STUDY MATERIAL >>
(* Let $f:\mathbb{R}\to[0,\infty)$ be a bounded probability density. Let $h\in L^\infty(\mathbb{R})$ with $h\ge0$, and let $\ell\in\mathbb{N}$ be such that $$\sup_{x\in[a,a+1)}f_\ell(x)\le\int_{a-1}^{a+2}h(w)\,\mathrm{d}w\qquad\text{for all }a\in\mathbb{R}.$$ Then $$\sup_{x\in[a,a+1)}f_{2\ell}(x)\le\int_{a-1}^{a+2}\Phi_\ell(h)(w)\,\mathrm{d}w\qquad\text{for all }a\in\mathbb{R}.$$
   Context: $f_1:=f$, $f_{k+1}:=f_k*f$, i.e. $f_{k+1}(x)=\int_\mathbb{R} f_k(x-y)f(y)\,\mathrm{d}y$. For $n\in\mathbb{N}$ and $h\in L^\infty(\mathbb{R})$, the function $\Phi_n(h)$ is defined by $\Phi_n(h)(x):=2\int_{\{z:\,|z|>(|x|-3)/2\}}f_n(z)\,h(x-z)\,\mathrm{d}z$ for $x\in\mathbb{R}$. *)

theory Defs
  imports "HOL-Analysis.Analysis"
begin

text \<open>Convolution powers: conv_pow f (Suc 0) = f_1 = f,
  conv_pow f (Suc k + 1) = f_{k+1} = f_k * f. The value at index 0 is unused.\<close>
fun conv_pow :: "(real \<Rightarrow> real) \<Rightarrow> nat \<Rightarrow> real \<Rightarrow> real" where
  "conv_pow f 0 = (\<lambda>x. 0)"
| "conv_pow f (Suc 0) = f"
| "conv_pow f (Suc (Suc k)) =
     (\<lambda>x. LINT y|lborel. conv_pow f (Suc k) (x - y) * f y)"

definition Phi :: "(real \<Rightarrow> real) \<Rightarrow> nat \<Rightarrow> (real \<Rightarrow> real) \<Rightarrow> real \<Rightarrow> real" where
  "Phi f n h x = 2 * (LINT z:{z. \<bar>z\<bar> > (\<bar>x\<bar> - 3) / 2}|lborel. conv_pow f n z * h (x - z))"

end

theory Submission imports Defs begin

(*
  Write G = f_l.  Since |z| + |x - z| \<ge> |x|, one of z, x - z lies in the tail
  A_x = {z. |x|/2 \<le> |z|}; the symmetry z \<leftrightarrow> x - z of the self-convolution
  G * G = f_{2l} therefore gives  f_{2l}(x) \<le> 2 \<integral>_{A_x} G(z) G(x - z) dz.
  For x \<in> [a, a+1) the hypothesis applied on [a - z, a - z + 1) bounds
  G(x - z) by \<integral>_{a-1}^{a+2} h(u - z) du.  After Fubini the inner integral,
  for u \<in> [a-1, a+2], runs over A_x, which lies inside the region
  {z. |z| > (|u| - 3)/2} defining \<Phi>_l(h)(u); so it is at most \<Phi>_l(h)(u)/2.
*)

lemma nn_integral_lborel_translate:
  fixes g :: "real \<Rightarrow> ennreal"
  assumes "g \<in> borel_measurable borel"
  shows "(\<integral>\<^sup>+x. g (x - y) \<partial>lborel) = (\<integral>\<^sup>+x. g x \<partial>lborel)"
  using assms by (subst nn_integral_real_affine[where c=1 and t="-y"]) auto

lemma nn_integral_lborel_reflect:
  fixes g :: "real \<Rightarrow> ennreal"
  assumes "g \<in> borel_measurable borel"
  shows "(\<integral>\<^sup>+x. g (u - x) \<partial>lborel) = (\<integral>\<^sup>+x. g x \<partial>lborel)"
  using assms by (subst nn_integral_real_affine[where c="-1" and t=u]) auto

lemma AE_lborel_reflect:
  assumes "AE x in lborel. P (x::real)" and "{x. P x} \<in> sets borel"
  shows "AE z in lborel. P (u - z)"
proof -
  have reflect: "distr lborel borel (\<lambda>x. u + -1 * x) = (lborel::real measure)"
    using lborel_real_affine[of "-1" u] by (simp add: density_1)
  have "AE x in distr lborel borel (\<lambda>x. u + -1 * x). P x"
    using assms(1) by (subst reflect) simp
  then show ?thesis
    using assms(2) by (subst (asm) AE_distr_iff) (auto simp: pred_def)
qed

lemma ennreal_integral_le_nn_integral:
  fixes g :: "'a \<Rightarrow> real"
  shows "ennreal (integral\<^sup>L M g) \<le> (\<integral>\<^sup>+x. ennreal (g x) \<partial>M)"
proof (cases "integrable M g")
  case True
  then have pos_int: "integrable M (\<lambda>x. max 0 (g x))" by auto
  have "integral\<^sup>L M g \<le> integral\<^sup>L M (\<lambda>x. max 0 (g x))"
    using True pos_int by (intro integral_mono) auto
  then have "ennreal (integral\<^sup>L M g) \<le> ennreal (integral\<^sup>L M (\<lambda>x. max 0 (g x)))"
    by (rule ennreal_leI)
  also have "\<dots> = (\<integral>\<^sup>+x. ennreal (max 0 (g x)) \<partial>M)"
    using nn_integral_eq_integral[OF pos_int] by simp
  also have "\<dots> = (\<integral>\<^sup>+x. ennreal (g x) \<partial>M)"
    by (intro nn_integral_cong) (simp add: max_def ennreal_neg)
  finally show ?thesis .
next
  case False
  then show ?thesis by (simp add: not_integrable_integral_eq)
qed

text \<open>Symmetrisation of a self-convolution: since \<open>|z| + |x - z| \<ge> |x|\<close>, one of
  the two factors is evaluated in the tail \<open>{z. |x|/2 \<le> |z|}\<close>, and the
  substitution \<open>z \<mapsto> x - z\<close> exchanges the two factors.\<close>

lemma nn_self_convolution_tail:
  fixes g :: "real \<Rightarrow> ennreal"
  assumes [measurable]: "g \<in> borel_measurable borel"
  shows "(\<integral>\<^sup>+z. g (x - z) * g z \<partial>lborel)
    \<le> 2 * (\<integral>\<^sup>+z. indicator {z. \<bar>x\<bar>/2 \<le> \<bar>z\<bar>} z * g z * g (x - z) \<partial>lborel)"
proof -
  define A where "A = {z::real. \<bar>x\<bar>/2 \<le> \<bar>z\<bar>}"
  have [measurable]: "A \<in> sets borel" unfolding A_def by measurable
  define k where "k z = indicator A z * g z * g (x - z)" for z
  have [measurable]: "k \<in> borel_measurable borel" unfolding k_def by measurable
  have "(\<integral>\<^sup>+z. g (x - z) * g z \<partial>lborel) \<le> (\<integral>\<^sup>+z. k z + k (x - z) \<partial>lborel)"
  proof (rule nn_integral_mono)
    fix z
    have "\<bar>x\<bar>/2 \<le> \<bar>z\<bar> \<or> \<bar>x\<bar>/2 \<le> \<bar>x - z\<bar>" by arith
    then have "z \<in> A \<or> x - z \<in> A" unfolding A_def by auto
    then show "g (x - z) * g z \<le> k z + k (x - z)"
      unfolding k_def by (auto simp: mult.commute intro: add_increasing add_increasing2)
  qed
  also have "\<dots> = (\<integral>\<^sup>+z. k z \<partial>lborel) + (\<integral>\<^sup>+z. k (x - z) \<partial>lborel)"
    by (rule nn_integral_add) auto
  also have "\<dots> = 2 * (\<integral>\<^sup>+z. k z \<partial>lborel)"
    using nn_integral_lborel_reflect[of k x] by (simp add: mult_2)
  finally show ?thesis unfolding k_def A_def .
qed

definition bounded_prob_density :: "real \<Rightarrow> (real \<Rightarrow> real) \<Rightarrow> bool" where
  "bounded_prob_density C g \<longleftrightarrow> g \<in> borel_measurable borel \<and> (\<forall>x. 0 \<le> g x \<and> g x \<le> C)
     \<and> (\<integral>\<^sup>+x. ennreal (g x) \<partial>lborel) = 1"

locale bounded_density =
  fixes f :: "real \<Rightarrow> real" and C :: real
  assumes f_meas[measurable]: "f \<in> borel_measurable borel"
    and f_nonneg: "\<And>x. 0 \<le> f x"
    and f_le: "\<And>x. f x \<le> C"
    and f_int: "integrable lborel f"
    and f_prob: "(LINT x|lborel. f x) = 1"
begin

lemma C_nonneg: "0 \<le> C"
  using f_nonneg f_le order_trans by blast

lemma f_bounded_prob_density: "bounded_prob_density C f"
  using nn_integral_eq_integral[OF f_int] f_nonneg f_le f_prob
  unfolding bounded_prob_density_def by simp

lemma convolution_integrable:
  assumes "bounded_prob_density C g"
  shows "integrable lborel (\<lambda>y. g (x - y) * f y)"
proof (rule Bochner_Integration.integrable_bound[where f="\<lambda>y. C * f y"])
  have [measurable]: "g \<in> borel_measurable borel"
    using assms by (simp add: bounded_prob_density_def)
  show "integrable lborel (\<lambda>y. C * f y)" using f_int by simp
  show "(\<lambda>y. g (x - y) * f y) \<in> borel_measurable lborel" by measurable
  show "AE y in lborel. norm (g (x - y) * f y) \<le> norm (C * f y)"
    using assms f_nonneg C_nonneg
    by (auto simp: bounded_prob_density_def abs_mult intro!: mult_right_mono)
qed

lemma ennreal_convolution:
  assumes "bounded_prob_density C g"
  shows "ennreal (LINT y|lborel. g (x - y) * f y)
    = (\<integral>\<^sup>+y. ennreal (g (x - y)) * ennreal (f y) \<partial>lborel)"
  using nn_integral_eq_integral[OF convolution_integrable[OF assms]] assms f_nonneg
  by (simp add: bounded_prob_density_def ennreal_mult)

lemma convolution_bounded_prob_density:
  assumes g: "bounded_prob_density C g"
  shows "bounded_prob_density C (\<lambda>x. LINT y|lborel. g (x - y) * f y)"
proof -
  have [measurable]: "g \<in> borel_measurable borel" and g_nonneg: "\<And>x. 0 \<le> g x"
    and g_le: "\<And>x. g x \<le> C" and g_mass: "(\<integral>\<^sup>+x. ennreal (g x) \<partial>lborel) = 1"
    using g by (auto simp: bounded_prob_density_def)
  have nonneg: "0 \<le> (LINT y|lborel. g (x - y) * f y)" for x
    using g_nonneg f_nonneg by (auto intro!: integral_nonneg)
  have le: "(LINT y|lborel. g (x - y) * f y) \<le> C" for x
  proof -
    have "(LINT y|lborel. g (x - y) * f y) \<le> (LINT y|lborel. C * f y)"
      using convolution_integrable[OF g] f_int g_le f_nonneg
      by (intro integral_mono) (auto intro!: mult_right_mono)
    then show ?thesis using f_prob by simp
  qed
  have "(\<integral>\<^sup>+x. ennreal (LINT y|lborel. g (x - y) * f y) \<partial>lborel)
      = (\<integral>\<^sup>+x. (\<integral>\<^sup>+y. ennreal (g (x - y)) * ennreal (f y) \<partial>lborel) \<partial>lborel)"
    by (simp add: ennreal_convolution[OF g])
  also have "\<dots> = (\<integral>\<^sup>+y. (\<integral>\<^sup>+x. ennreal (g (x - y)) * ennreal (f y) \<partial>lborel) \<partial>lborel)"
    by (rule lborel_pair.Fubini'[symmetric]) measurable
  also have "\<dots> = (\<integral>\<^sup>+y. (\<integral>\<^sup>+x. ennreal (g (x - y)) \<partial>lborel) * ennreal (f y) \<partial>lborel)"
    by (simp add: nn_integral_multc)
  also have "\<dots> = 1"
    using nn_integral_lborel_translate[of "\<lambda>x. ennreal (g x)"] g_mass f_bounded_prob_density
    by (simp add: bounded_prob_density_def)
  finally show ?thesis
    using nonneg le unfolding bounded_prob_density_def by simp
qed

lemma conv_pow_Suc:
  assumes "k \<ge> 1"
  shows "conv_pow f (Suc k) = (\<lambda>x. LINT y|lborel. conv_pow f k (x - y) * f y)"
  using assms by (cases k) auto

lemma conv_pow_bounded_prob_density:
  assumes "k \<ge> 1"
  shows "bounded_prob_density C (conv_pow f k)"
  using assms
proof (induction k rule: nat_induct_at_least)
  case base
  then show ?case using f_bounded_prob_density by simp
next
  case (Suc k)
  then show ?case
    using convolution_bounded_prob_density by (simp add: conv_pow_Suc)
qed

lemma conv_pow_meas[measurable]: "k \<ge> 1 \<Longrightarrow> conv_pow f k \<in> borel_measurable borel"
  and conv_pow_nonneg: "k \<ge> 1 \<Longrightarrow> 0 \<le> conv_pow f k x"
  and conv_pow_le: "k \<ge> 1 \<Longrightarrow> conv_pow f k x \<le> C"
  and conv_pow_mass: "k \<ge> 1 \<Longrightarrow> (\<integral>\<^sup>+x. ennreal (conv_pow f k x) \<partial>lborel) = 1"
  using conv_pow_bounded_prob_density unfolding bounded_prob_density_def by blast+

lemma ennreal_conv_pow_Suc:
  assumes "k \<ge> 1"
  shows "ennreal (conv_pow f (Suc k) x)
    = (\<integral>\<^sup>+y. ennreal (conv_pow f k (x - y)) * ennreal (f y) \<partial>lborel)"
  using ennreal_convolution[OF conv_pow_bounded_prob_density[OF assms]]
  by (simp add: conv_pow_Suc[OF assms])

REQUIRED WORK >>
Reproduce every line of the entries above, unchanged, from the very first one down to and including the line containing "nat \<Rightarrow> (real".

ANSWER BOX >>
(* Let $f:\mathbb{R}\to[0,\infty)$ be a bounded probability density. Let $h\in L^\infty(\mathbb{R})$ with $h\ge0$, and let $\ell\in\mathbb{N}$ be such that $$\sup_{x\in[a,a+1)}f_\ell(x)\le\int_{a-1}^{a+2}h(w)\,\mathrm{d}w\qquad\text{for all }a\in\mathbb{R}.$$ Then $$\sup_{x\in[a,a+1)}f_{2\ell}(x)\le\int_{a-1}^{a+2}\Phi_\ell(h)(w)\,\mathrm{d}w\qquad\text{for all }a\in\mathbb{R}.$$
   Context: $f_1:=f$, $f_{k+1}:=f_k*f$, i.e. $f_{k+1}(x)=\int_\mathbb{R} f_k(x-y)f(y)\,\mathrm{d}y$. For $n\in\mathbb{N}$ and $h\in L^\infty(\mathbb{R})$, the function $\Phi_n(h)$ is defined by $\Phi_n(h)(x):=2\int_{\{z:\,|z|>(|x|-3)/2\}}f_n(z)\,h(x-z)\,\mathrm{d}z$ for $x\in\mathbb{R}$. *)

theory Defs
  imports "HOL-Analysis.Analysis"
begin

text \<open>Convolution powers: conv_pow f (Suc 0) = f_1 = f,
  conv_pow f (Suc k + 1) = f_{k+1} = f_k * f. The value at index 0 is unused.\<close>
fun conv_pow :: "(real \<Rightarrow> real) \<Rightarrow> nat \<Rightarrow> real \<Rightarrow> real" where
  "conv_pow f 0 = (\<lambda>x. 0)"
| "conv_pow f (Suc 0) = f"
| "conv_pow f (Suc (Suc k)) =
     (\<lambda>x. LINT y|lborel. conv_pow f (Suc k) (x - y) * f y)"

definition Phi :: "(real \<Rightarrow> real) \<Rightarrow> nat \<Rightarrow> (real \<Rightarrow> real) \<Rightarrow> real \<Rightarrow> real" where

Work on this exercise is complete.